Here is an attempt to break down iterating over a tuple into component parts.
First, a function that represents doing a sequence of operations in order. Note that many compilers find this hard to understand, despite it being legal C++11 as far as I can tell:
template<class... Fs>
void do_in_order( Fs&&... fs ) {
int unused[] = { 0, ( (void)std::forward<Fs>(fs)(), 0 )... }
(void)unused; // blocks warnings
}
Next, a function that takes a std::tuple, and extracts the indexes required to access each element. By doing so, we can perfect forward later on.
As a side benefit, my code supports std::pair and std::array iteration:
template<class T>
constexpr std::make_index_sequence<std::tuple_size<T>::value>
get_indexes( T const& )
{ return {}; }
The meat and potatoes:
template<size_t... Is, class Tuple, class F>
void for_each( std::index_sequence<Is...>, Tuple&& tup, F&& f ) {
using std::get;
do_in_order( [&]{ f( get<Is>(std::forward<Tuple>(tup)) ); }... );
}
and the public-facing interface:
template<class Tuple, class F>
void for_each( Tuple&& tup, F&& f ) {
auto indexes = get_indexes(tup);
for_each(indexes, std::forward<Tuple>(tup), std::forward<F>(f) );
}
while it states Tuple it works on std::arrays and std::pairs. It also forward the r/l value category of said object down to the function object it invokes. Also note that if you have a free function get<N> on your custom type, and you override get_indexes, the above for_each will work on your custom type.
As noted, do_in_order while neat isn't supported by many compilers, as they don't like the lambda with unexpanded parameter packs being expanded into parameter packs.
We can inline do_in_order in that case
template<size_t... Is, class Tuple, class F>
void for_each( std::index_sequence<Is...>, Tuple&& tup, F&& f ) {
using std::get;
int unused[] = { 0, ( (void)f(get<Is>(std::forward<Tuple>(tup)), 0 )... }
(void)unused; // blocks warnings
}
this doesn't cost much verbosity, but I personally find it less clear. The shadow magic of how do_in_order works is obscured by doing it inline in my opinion.

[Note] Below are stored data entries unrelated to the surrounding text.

(* Let $r,s,n$ be positive integers with $s\mid r$, let $\omega\in G(r,s,n)$, and let $m_1,m_2\ge 0$ be integers. Then \[ \widetilde f_{m_1,m_2}^{\omega}=\left(r^{m_1-n+1}\,n^{m_2}\binom{m_1+m_2}{m_1} f_{m_2}^{\phi(\omega)}\right)\widetilde f_{m_1}^{\pi(\omega)}, \] where $\widetilde f_{m_1}^{\pi(\omega)}$ is the connected factorization number of $\pi(\omega)$ in $S_n=G(1,1,n)$, and \[ f_{m_2}^{\phi(\omega)}=\frac{1}{r/s}\Big((r/s-1)^{m_2}-(-1)^{m_2}\Big)+\delta(\omega)(-1)^{m_2}. \]
   Context: Let $r,s,n$ be positive integers with $s\mid r$ and $\zeta_r=e^{2\pi i/r}$. For $1\le i<j\le n$ and $0\le k<r$, let $\sigma_{ij}^{k/r}\in GL(\mathbb{C}^n)$ send $(a_1,\dots,a_n)$ to the vector whose $i$-th coordinate is $\zeta_r^{-k}a_j$, whose $j$-th coordinate is $\zeta_r^{k}a_i$, and whose other coordinates are unchanged. For $1\le i\le n$ and $0<k<r/s$, let $\tau_i^{sk/r}$ multiply the $i$-th coordinate by $\zeta_r^{sk}$ and fix the others. Let $R_1$ be the set of all $\sigma_{ij}^{k/r}$, $R_2$ the set of all $\tau_i^{sk/r}$ (empty if $r=s$), and $R=R_1\sqcup R_2$. The group $G(r,s,n)$ is the group generated by $R$; equivalently, it is the group of $n\times n$ complex matrices with exactly one nonzero entry in each row and column, each nonzero entry an $r$-th root of unity, and the product of the nonzero entries an $(r/s)$-th root of unity. In particular $G(1,1,n)=S_n$ (permutation matrices), whose set $R$ is the set of transpositions, and $G(r,s,1)=\mu_{r/s}$ (the $(r/s)$-th roots of unity), whose set $R$ is the set of non-identity elements. Let $\pi:G(r,s,n)\to S_n$ replace each nonzero entry by $1$, $\phi:G(r,s,n)\to\mu_{r/s}$ be the product of the nonzero entries, and $\delta(\omega)=1$ if $\phi(\omega)=1$ and $\delta(\omega)=0$ otherwise. For $\omega\in G(r,s,n)$ and $m\ge0$, a factorization of $\omega$ of length $m$ is a tuple $(\rho_1,\dots,\rho_m)\in R^m$ with $\rho_m\cdots\rho_1=\omega$; $f_m^\omega$ is the number of them. Its associated graph has vertex set $\{1,\dots,n\}$ and, for each $t$, an edge $\{i,j\}$ if $\rho_t=\sigma_{ij}^{k/r}$ and a self-loop at $i$ if $\rho_t=\tau_i^{sk/r}$. A factorization is connected if this graph is connected. $\widetilde f_m^\omega$ is the number of connected factorizations of length $m$, and $\widetilde f_{m_1,m_2}^\omega$ is the number of connected factorizations of length $m_1+m_2$ in which exactly $m_1$ factors lie in $R_1$ and $m_2$ lie in $R_2$. For $\kappa\in\mu_{r/s}$, $f_{m}^{\kappa}$ is the number of $m$-tuples of non-identity elements of $\mu_{r/s}$ whose product is $\kappa$. *)

theory Defs
  imports Complex_Main
begin

text \<open>Matrices over the complex numbers, indexed by 0..<n (coordinates 1..n of the
paper are shifted to 0..n-1); entries outside the index range are 0.\<close>

type_synonym cmat = "nat \<Rightarrow> nat \<Rightarrow> complex"

definition mat_mult :: "nat \<Rightarrow> cmat \<Rightarrow> cmat \<Rightarrow> cmat" where
  "mat_mult n A B = (\<lambda>i j. if i < n \<and> j < n then (\<Sum>k<n. A i k * B k j) else 0)"

definition mat_one :: "nat \<Rightarrow> cmat" where
  "mat_one n = (\<lambda>i j. if i < n \<and> j < n \<and> i = j then 1 else 0)"

definition zeta :: "nat \<Rightarrow> complex" where
  "zeta r = cis (2 * pi / real r)"

definition mu :: "nat \<Rightarrow> complex set" where
  "mu k = {z. z ^ k = 1}"

definition phi :: "nat \<Rightarrow> cmat \<Rightarrow> complex" where
  "phi n A = (\<Prod>i<n. \<Prod>j<n. (if A i j = 0 then 1 else A i j))"

definition Grp :: "nat \<Rightarrow> nat \<Rightarrow> nat \<Rightarrow> cmat set" where
  "Grp r s n = {A. (\<forall>i j. (n \<le> i \<or> n \<le> j) \<longrightarrow> A i j = 0)
      \<and> (\<forall>i<n. \<exists>!j. j < n \<and> A i j \<noteq> 0)
      \<and> (\<forall>j<n. \<exists>!i. i < n \<and> A i j \<noteq> 0)
      \<and> (\<forall>i<n. \<forall>j<n. A i j \<noteq> 0 \<longrightarrow> A i j ^ r = 1)
      \<and> phi n A \<in> mu (r div s)}"

definition piS :: "cmat \<Rightarrow> cmat" where
  "piS A = (\<lambda>i j. if A i j \<noteq> 0 then 1 else 0)"

definition delta :: "nat \<Rightarrow> cmat \<Rightarrow> nat" where
  "delta n A = (if phi n A = 1 then 1 else 0)"

text \<open>Labels of reflections: Sig i j k stands for sigma_{ij}^{k/r} and Tau i k for
tau_i^{sk/r}.  Distinct valid labels give distinct matrices, so tuples of labels
correspond bijectively to tuples of elements of R.\<close>
datatype refl = Sig nat nat nat | Tau nat nat

fun valid_refl :: "nat \<Rightarrow> nat \<Rightarrow> nat \<Rightarrow> refl \<Rightarrow> bool" where
  "valid_refl r s n (Sig i j k) = (i < j \<and> j < n \<and> k < r)"
| "valid_refl r s n (Tau i k) = (i < n \<and> 0 < k \<and> k < r div s)"

fun is_Sig :: "refl \<Rightarrow> bool" where
  "is_Sig (Sig i j k) = True"
| "is_Sig (Tau i k) = False"

fun refl_mat :: "nat \<Rightarrow> nat \<Rightarrow> nat \<Rightarrow> refl \<Rightarrow> cmat" where
  "refl_mat r s n (Sig i j k) = (\<lambda>a b. if a < n \<and> b < n then
       (if a = i \<and> b = j then inverse (zeta r ^ k)
        else if a = j \<and> b = i then zeta r ^ k
        else if a = b \<and> a \<noteq> i \<and> a \<noteq> j then 1 else 0) else 0)"
| "refl_mat r s n (Tau i k) = (\<lambda>a b. if a < n \<and> b < n \<and> a = b then
       (if a = i then zeta r ^ (s * k) else 1) else 0)"

definition Refl :: "nat \<Rightarrow> nat \<Rightarrow> nat \<Rightarrow> refl set" where
  "Refl r s n = {x. valid_refl r s n x}"

text \<open>For the list [rho_1,...,rho_m], the product rho_m \<cdots> rho_1.\<close>
definition fact_prod :: "nat \<Rightarrow> nat \<Rightarrow> nat \<Rightarrow> refl list \<Rightarrow> cmat" where
  "fact_prod r s n xs = foldr (\<lambda>x acc. mat_mult n acc (refl_mat r s n x)) xs (mat_one n)"

definition factorizations :: "nat \<Rightarrow> nat \<Rightarrow> nat \<Rightarrow> nat \<Rightarrow> cmat \<Rightarrow> refl list set" where
  "factorizations r s n m w = {xs. length xs = m \<and> set xs \<subseteq> Refl r s n \<and> fact_prod r s n xs = w}"

text \<open>Edges of the associated graph (self-loops are irrelevant for connectivity).\<close>
definition fact_edges :: "refl list \<Rightarrow> (nat \<times> nat) set" where
  "fact_edges xs = {(i, j) | i j k. Sig i j k \<in> set xs}"

definition connected_fact :: "nat \<Rightarrow> refl list \<Rightarrow> bool" where
  "connected_fact n xs = (\<forall>a<n. \<forall>b<n. (a, b) \<in> (fact_edges xs \<union> (fact_edges xs)\<inverse>)\<^sup>*)"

index_sequence (and supporting templates) is a C++14 feature that can be written in C++11. Finding such an implementation on stack overflow is easy. A current top google hit is a decent O(lg(n)) depth implementation, which if I read the comments correctly may be the basis for at least one iteration of the actual gcc make_integer_sequence (the comments also point out some further compile-time improvements surrounding eliminating sizeof... calls).
Alternatively we can write:
template<class F, class...Args>
void for_each_arg(F&&f,Args&&...args){
using discard=int[];
(void)discard{0,((void)(
f(std::forward<Args>(args))
),0)...};
}
And then:
template<size_t... Is, class Tuple, class F>
void for_each( std::index_sequence<Is...>, Tuple&& tup, F&& f ) {
using std::get;
for_each_arg(
std::forward<F>(f),
get<Is>(std::forward<Tuple>(tup))...
);
}
Which avoids the manual expand yet compiles on more compilers. We pass the Is via the auto&&i parameter.
In C++1z we can also use std::apply with a for_each_arg function object to do away with the index fiddling.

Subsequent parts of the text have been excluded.